*Work request*: The required result is the number of lines in this material containing the word "proof". Write that number and no other text.

__________

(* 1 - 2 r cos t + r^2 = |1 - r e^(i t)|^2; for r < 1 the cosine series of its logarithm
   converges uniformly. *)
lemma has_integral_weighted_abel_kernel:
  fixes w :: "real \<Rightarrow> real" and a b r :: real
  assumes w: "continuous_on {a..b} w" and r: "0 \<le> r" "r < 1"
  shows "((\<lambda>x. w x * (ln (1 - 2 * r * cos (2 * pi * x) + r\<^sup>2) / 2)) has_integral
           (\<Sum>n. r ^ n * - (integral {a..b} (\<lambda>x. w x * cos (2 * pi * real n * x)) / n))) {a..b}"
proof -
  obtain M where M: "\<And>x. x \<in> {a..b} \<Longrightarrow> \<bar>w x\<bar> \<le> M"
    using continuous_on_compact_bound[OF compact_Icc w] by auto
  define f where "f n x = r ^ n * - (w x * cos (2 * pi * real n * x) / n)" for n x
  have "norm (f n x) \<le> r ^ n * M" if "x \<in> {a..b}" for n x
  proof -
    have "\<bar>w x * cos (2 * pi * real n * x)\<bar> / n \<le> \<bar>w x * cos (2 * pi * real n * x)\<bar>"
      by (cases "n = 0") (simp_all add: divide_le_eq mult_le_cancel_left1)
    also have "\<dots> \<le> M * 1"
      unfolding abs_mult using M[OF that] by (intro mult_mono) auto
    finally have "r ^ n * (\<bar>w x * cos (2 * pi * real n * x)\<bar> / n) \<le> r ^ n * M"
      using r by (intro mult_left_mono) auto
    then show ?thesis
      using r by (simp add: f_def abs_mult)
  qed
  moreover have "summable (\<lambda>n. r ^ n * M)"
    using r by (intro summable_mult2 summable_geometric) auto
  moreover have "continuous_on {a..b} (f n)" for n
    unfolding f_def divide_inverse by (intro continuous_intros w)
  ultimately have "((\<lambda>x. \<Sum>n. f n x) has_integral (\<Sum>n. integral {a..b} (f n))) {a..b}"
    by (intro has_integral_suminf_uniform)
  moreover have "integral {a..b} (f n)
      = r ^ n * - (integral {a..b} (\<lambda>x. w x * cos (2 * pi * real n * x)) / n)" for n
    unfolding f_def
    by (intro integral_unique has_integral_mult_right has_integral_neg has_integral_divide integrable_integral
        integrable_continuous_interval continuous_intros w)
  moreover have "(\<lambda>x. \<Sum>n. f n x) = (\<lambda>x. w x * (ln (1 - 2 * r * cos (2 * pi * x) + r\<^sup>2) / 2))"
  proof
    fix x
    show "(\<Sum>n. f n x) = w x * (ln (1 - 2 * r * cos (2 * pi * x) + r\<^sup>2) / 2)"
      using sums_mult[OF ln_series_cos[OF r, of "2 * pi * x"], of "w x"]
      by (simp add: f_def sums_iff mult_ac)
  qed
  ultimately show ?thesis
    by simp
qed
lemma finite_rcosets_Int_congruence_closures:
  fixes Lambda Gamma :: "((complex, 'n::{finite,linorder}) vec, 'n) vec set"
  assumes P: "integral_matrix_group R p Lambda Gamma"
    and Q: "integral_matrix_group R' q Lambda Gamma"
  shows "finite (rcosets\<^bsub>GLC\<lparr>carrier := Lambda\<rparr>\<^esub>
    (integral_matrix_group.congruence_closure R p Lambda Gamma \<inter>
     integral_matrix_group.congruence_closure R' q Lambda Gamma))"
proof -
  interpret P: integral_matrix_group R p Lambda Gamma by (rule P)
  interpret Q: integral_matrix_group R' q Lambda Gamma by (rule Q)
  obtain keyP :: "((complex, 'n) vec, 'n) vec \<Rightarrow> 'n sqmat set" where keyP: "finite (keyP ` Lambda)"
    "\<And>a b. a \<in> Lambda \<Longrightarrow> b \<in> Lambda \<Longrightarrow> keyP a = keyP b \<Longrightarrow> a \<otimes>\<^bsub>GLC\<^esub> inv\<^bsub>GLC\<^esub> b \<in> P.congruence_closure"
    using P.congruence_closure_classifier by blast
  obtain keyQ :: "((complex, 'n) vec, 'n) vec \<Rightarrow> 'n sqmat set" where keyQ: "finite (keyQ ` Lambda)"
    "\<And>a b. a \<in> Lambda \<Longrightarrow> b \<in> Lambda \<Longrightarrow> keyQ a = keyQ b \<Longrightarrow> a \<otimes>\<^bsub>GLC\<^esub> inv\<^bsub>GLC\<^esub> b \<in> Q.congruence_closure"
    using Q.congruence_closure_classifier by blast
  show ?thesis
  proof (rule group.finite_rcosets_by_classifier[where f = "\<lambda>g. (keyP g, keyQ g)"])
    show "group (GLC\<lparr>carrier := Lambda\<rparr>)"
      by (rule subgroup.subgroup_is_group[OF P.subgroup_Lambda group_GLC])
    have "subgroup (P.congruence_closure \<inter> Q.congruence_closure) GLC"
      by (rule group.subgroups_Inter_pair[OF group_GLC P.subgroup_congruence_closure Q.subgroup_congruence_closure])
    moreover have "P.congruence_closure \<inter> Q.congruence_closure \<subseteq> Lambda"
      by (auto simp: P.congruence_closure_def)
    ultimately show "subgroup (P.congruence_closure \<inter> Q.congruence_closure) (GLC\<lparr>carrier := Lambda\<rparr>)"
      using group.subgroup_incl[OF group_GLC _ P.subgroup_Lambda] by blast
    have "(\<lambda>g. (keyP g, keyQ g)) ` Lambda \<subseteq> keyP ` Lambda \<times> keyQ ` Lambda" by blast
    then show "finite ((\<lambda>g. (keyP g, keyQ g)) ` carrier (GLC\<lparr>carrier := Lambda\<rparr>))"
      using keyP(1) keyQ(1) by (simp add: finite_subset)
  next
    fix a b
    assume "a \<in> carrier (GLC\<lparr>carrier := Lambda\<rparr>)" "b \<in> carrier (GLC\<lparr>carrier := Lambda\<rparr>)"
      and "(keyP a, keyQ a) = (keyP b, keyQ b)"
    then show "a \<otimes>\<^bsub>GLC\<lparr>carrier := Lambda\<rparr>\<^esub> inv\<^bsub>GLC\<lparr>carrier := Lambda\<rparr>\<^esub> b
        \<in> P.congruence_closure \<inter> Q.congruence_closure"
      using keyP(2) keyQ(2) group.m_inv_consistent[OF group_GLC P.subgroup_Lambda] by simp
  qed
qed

__________

*Written response*: 5